• GOAL OF THE EXERCISE
Write back each entry precisely as it is given.

"""

(* Let $S$ be a semibounded relation in $\mathfrak H$ with lower bound $\gamma\in\mathbb R$ and let $c\le\gamma$. Then: (a) $S_{{\rm K},c}=\{\{\varphi,\varphi'\}\in S^*:\varphi'-c\varphi\in\mathrm{dom}\,\bar{\mathfrak t}((S-c)^{-1})\}$; and if $H$ is a selfadjoint extension of $S$ with $\mathrm{ran}\,(H-c)\subset\mathrm{dom}\,\bar{\mathfrak t}((S-c)^{-1})$, then $H=S_{{\rm K},c}$. (b) $S_{{\rm k},c}=S\,\widehat+\,\widehat{\mathfrak N}_c(S^* )$; and if $H$ is a symmetric extension of $S$ with $\mathrm{ran}\,(H-c)\subset\mathrm{ran}\,(S-c)$, then $H\subset S_{{\rm k},c}$. (c) For every $c<\gamma$, $S_{{\rm K},c}=\overline S\,\widehat+\,\widehat{\mathfrak N}_c(S^* )$; and $S_{{\rm k},\gamma}=S_{{\rm K},\gamma}$ holds if and only if $\mathrm{ran}\,(S-\gamma)=\overline{\mathrm{ran}}\,(S-\gamma)\cap\mathrm{ran}\,(S^*-\gamma)$; in particular it holds if $\mathrm{ran}\,(S-\gamma)$ is closed.
   Context: Linear relations in $\mathfrak H$ are linear subspaces of $\mathfrak H\times\mathfrak H$; $T^*$ adjoint relation, $T^{**}=\overline T$ the closure, $T^{-1}=\{\{g,f\}:\{f,g\}\in T\}$, $RT=\{\{f,h\}:\exists g,\{f,g\}\in T,\{g,h\}\in R\}$, $T-c=\{\{f,g-cf\}:\{f,g\}\in T\}$, $c+T=\{\{f,g+cf\}\}$, $A\,\widehat+\,B=\{\{f+h,g+k\}:\{f,g\}\in A,\{h,k\}\in B\}$, $\widehat{\mathfrak N}_c(S^* )=\{\{f,cf\}:f\in\ker(S^*-c)\}$. Symmetric: $T\subset T^*$; selfadjoint: $T=T^*$. $S$ is semibounded with lower bound $\gamma$ if $\gamma$ is the supremum of all $c$ with $(\varphi',\varphi)\ge c\|\varphi\|^2$ on $S$. For a semibounded relation $T$, $\mathfrak t(T)[\varphi,\psi]=(\varphi',\psi)$ on $\mathrm{dom}\,T$; it is closable with closure $\bar{\mathfrak t}(T)$; here $\mathrm{dom}\,\mathfrak t((S-c)^{-1})=\mathrm{ran}\,(S-c)$. A representing map for $\mathfrak t(S)-c$ is a linear operator $Q_c$ into a Hilbert space with $\mathrm{dom}\,Q_c=\mathrm{dom}\,S$ and $\mathfrak t(S)[\varphi,\psi]=c(\varphi,\psi)+(Q_c\varphi,Q_c\psi)$; its companion relation is $J_c=\{\{Q_c\varphi,\varphi'-c\varphi\}:\{\varphi,\varphi'\}\in S\}$. The Kreĭn type extension is $S_{{\rm K},c}=c+J_c^{**}J_c^*$ and the weak Kreĭn type extension is $S_{{\rm k},c}=c+J_cJ_c^*$; both are independent of the choice of $Q_c$ and $S\subset S_{{\rm k},c}\subset S_{{\rm K},c}$. *)

theory Defs
  imports "HOL-Analysis.Analysis"
begin

text \<open>The library has no complex inner product spaces, so we introduce the standard
class (inner product antilinear in the first argument, linear in the second).\<close>

class complex_inner = real_normed_vector +
  fixes scaleC :: "complex \<Rightarrow> 'a \<Rightarrow> 'a"
    and cinner :: "'a \<Rightarrow> 'a \<Rightarrow> complex"
  assumes scaleC_add_right: "scaleC a (x + y) = scaleC a x + scaleC a y"
    and scaleC_add_left: "scaleC (a + b) x = scaleC a x + scaleC b x"
    and scaleC_scaleC: "scaleC a (scaleC b x) = scaleC (a * b) x"
    and scaleC_one: "scaleC 1 x = x"
    and scaleR_scaleC: "scaleR r x = scaleC (complex_of_real r) x"
    and cinner_commute: "cinner x y = cnj (cinner y x)"
    and cinner_add_left: "cinner (x + y) z = cinner x z + cinner y z"
    and cinner_scaleC_left: "cinner (scaleC a x) y = cnj a * cinner x y"
    and cinner_self_real: "Im (cinner x x) = 0"
    and cinner_self_nonneg: "0 \<le> Re (cinner x x)"
    and cinner_self_eq_zero: "cinner x x = 0 \<longleftrightarrow> x = 0"
    and norm_eq_sqrt_cinner: "norm x = sqrt (Re (cinner x x))"

class chilbert = complex_inner + complete_space

definition lin_rel :: "('a::complex_inner \<times> 'b::complex_inner) set \<Rightarrow> bool" where
  "lin_rel T \<longleftrightarrow> (0, 0) \<in> T
     \<and> (\<forall>f g h k. (f, g) \<in> T \<longrightarrow> (h, k) \<in> T \<longrightarrow> (f + h, g + k) \<in> T)
     \<and> (\<forall>a f g. (f, g) \<in> T \<longrightarrow> (scaleC a f, scaleC a g) \<in> T)"

definition adj :: "('a::complex_inner \<times> 'b::complex_inner) set \<Rightarrow> ('b \<times> 'a) set" where
  "adj T = {(h, k). \<forall>f g. (f, g) \<in> T \<longrightarrow> cinner g h = cinner f k}"

text \<open>Inverse relation is the library's converse; the product RT is T O R.\<close>

definition rshift :: "real \<Rightarrow> ('a::complex_inner \<times> 'a) set \<Rightarrow> ('a \<times> 'a) set" where
  "rshift c T = {(f, g - scaleR c f) | f g. (f, g) \<in> T}"

definition rplus :: "real \<Rightarrow> ('a::complex_inner \<times> 'a) set \<Rightarrow> ('a \<times> 'a) set" where
  "rplus c T = {(f, g + scaleR c f) | f g. (f, g) \<in> T}"

definition rsum :: "('a::complex_inner \<times> 'b::complex_inner) set \<Rightarrow> ('a \<times> 'b) set \<Rightarrow> ('a \<times> 'b) set" where
  "rsum A B = {(f + h, g + k) | f g h k. (f, g) \<in> A \<and> (h, k) \<in> B}"

definition eig_rel :: "real \<Rightarrow> ('a::complex_inner \<times> 'a) set \<Rightarrow> ('a \<times> 'a) set" where
  "eig_rel c T = {(f, scaleR c f) | f. (f, scaleR c f) \<in> T}"

definition lb_set :: "('a::complex_inner \<times> 'a) set \<Rightarrow> real set" where
  "lb_set T = {c. \<forall>\<phi> \<phi>'. (\<phi>, \<phi>') \<in> T \<longrightarrow>
                  Im (cinner \<phi>' \<phi>) = 0 \<and> c * (norm \<phi>)\<^sup>2 \<le> Re (cinner \<phi>' \<phi>)}"

definition semibounded_lb :: "('a::complex_inner \<times> 'a) set \<Rightarrow> real \<Rightarrow> bool" where
  "semibounded_lb T \<gamma> \<longleftrightarrow> lb_set T \<noteq> {} \<and> bdd_above (lb_set T) \<and> \<gamma> = Sup (lb_set T)"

"""

• WRITTEN RESPONSE
(* Let $S$ be a semibounded relation in $\mathfrak H$ with lower bound $\gamma\in\mathbb R$ and let $c\le\gamma$. Then: (a) $S_{{\rm K},c}=\{\{\varphi,\varphi'\}\in S^*:\varphi'-c\varphi\in\mathrm{dom}\,\bar{\mathfrak t}((S-c)^{-1})\}$; and if $H$ is a selfadjoint extension of $S$ with $\mathrm{ran}\,(H-c)\subset\mathrm{dom}\,\bar{\mathfrak t}((S-c)^{-1})$, then $H=S_{{\rm K},c}$. (b) $S_{{\rm k},c}=S\,\widehat+\,\widehat{\mathfrak N}_c(S^* )$; and if $H$ is a symmetric extension of $S$ with $\mathrm{ran}\,(H-c)\subset\mathrm{ran}\,(S-c)$, then $H\subset S_{{\rm k},c}$. (c) For every $c<\gamma$, $S_{{\rm K},c}=\overline S\,\widehat+\,\widehat{\mathfrak N}_c(S^* )$; and $S_{{\rm k},\gamma}=S_{{\rm K},\gamma}$ holds if and only if $\mathrm{ran}\,(S-\gamma)=\overline{\mathrm{ran}}\,(S-\gamma)\cap\mathrm{ran}\,(S^*-\gamma)$; in particular it holds if $\mathrm{ran}\,(S-\gamma)$ is closed.
   Context: Linear relations in $\mathfrak H$ are linear subspaces of $\mathfrak H\times\mathfrak H$; $T^*$ adjoint relation, $T^{**}=\overline T$ the closure, $T^{-1}=\{\{g,f\}:\{f,g\}\in T\}$, $RT=\{\{f,h\}:\exists g,\{f,g\}\in T,\{g,h\}\in R\}$, $T-c=\{\{f,g-cf\}:\{f,g\}\in T\}$, $c+T=\{\{f,g+cf\}\}$, $A\,\widehat+\,B=\{\{f+h,g+k\}:\{f,g\}\in A,\{h,k\}\in B\}$, $\widehat{\mathfrak N}_c(S^* )=\{\{f,cf\}:f\in\ker(S^*-c)\}$. Symmetric: $T\subset T^*$; selfadjoint: $T=T^*$. $S$ is semibounded with lower bound $\gamma$ if $\gamma$ is the supremum of all $c$ with $(\varphi',\varphi)\ge c\|\varphi\|^2$ on $S$. For a semibounded relation $T$, $\mathfrak t(T)[\varphi,\psi]=(\varphi',\psi)$ on $\mathrm{dom}\,T$; it is closable with closure $\bar{\mathfrak t}(T)$; here $\mathrm{dom}\,\mathfrak t((S-c)^{-1})=\mathrm{ran}\,(S-c)$. A representing map for $\mathfrak t(S)-c$ is a linear operator $Q_c$ into a Hilbert space with $\mathrm{dom}\,Q_c=\mathrm{dom}\,S$ and $\mathfrak t(S)[\varphi,\psi]=c(\varphi,\psi)+(Q_c\varphi,Q_c\psi)$; its companion relation is $J_c=\{\{Q_c\varphi,\varphi'-c\varphi\}:\{\varphi,\varphi'\}\in S\}$. The Kreĭn type extension is $S_{{\rm K},c}=c+J_c^{**}J_c^*$ and the weak Kreĭn type extension is $S_{{\rm k},c}=c+J_cJ_c^*$; both are independent of the choice of $Q_c$ and $S\subset S_{{\rm k},c}\subset S_{{\rm K},c}$. *)

theory Defs
  imports "HOL-Analysis.Analysis"
begin

text \<open>The library has no complex inner product spaces, so we introduce the standard
class (inner product antilinear in the first argument, linear in the second).\<close>

class complex_inner = real_normed_vector +
  fixes scaleC :: "complex \<Rightarrow> 'a \<Rightarrow> 'a"
    and cinner :: "'a \<Rightarrow> 'a \<Rightarrow> complex"
  assumes scaleC_add_right: "scaleC a (x + y) = scaleC a x + scaleC a y"
    and scaleC_add_left: "scaleC (a + b) x = scaleC a x + scaleC b x"
    and scaleC_scaleC: "scaleC a (scaleC b x) = scaleC (a * b) x"
    and scaleC_one: "scaleC 1 x = x"
    and scaleR_scaleC: "scaleR r x = scaleC (complex_of_real r) x"
    and cinner_commute: "cinner x y = cnj (cinner y x)"
    and cinner_add_left: "cinner (x + y) z = cinner x z + cinner y z"
    and cinner_scaleC_left: "cinner (scaleC a x) y = cnj a * cinner x y"
    and cinner_self_real: "Im (cinner x x) = 0"
    and cinner_self_nonneg: "0 \<le> Re (cinner x x)"
    and cinner_self_eq_zero: "cinner x x = 0 \<longleftrightarrow> x = 0"
    and norm_eq_sqrt_cinner: "norm x = sqrt (Re (cinner x x))"

class chilbert = complex_inner + complete_space

definition lin_rel :: "('a::complex_inner \<times> 'b::complex_inner) set \<Rightarrow> bool" where
  "lin_rel T \<longleftrightarrow> (0, 0) \<in> T
     \<and> (\<forall>f g h k. (f, g) \<in> T \<longrightarrow> (h, k) \<in> T \<longrightarrow> (f + h, g + k) \<in> T)
     \<and> (\<forall>a f g. (f, g) \<in> T \<longrightarrow> (scaleC a f, scaleC a g) \<in> T)"

definition adj :: "('a::complex_inner \<times> 'b::complex_inner) set \<Rightarrow> ('b \<times> 'a) set" where
  "adj T = {(h, k). \<forall>f g. (f, g) \<in> T \<longrightarrow> cinner g h = cinner f k}"

text \<open>Inverse relation is the library's converse; the product RT is T O R.\<close>

definition rshift :: "real \<Rightarrow> ('a::complex_inner \<times> 'a) set \<Rightarrow> ('a \<times> 'a) set" where
  "rshift c T = {(f, g - scaleR c f) | f g. (f, g) \<in> T}"

definition rplus :: "real \<Rightarrow> ('a::complex_inner \<times> 'a) set \<Rightarrow> ('a \<times> 'a) set" where
  "rplus c T = {(f, g + scaleR c f) | f g. (f, g) \<in> T}"

definition rsum :: "('a::complex_inner \<times> 'b::complex_inner) set \<Rightarrow> ('a \<times> 'b) set \<Rightarrow> ('a \<times> 'b) set" where
  "rsum A B = {(f + h, g + k) | f g h k. (f, g) \<in> A \<and> (h, k) \<in> B}"

definition eig_rel :: "real \<Rightarrow> ('a::complex_inner \<times> 'a) set \<Rightarrow> ('a \<times> 'a) set" where
  "eig_rel c T = {(f, scaleR c f) | f. (f, scaleR c f) \<in> T}"

definition lb_set :: "('a::complex_inner \<times> 'a) set \<Rightarrow> real set" where
  "lb_set T = {c. \<forall>\<phi> \<phi>'. (\<phi>, \<phi>') \<in> T \<longrightarrow>
                  Im (cinner \<phi>' \<phi>) = 0 \<and> c * (norm \<phi>)\<^sup>2 \<le> Re (cinner \<phi>' \<phi>)}"

definition semibounded_lb :: "('a::complex_inner \<times> 'a) set \<Rightarrow> real \<Rightarrow> bool" where
  "semibounded_lb T \<gamma> \<longleftrightarrow> lb_set T \<noteq> {} \<and> bdd_above (lb_set T) \<and> \<gamma> = Sup (lb_set T)"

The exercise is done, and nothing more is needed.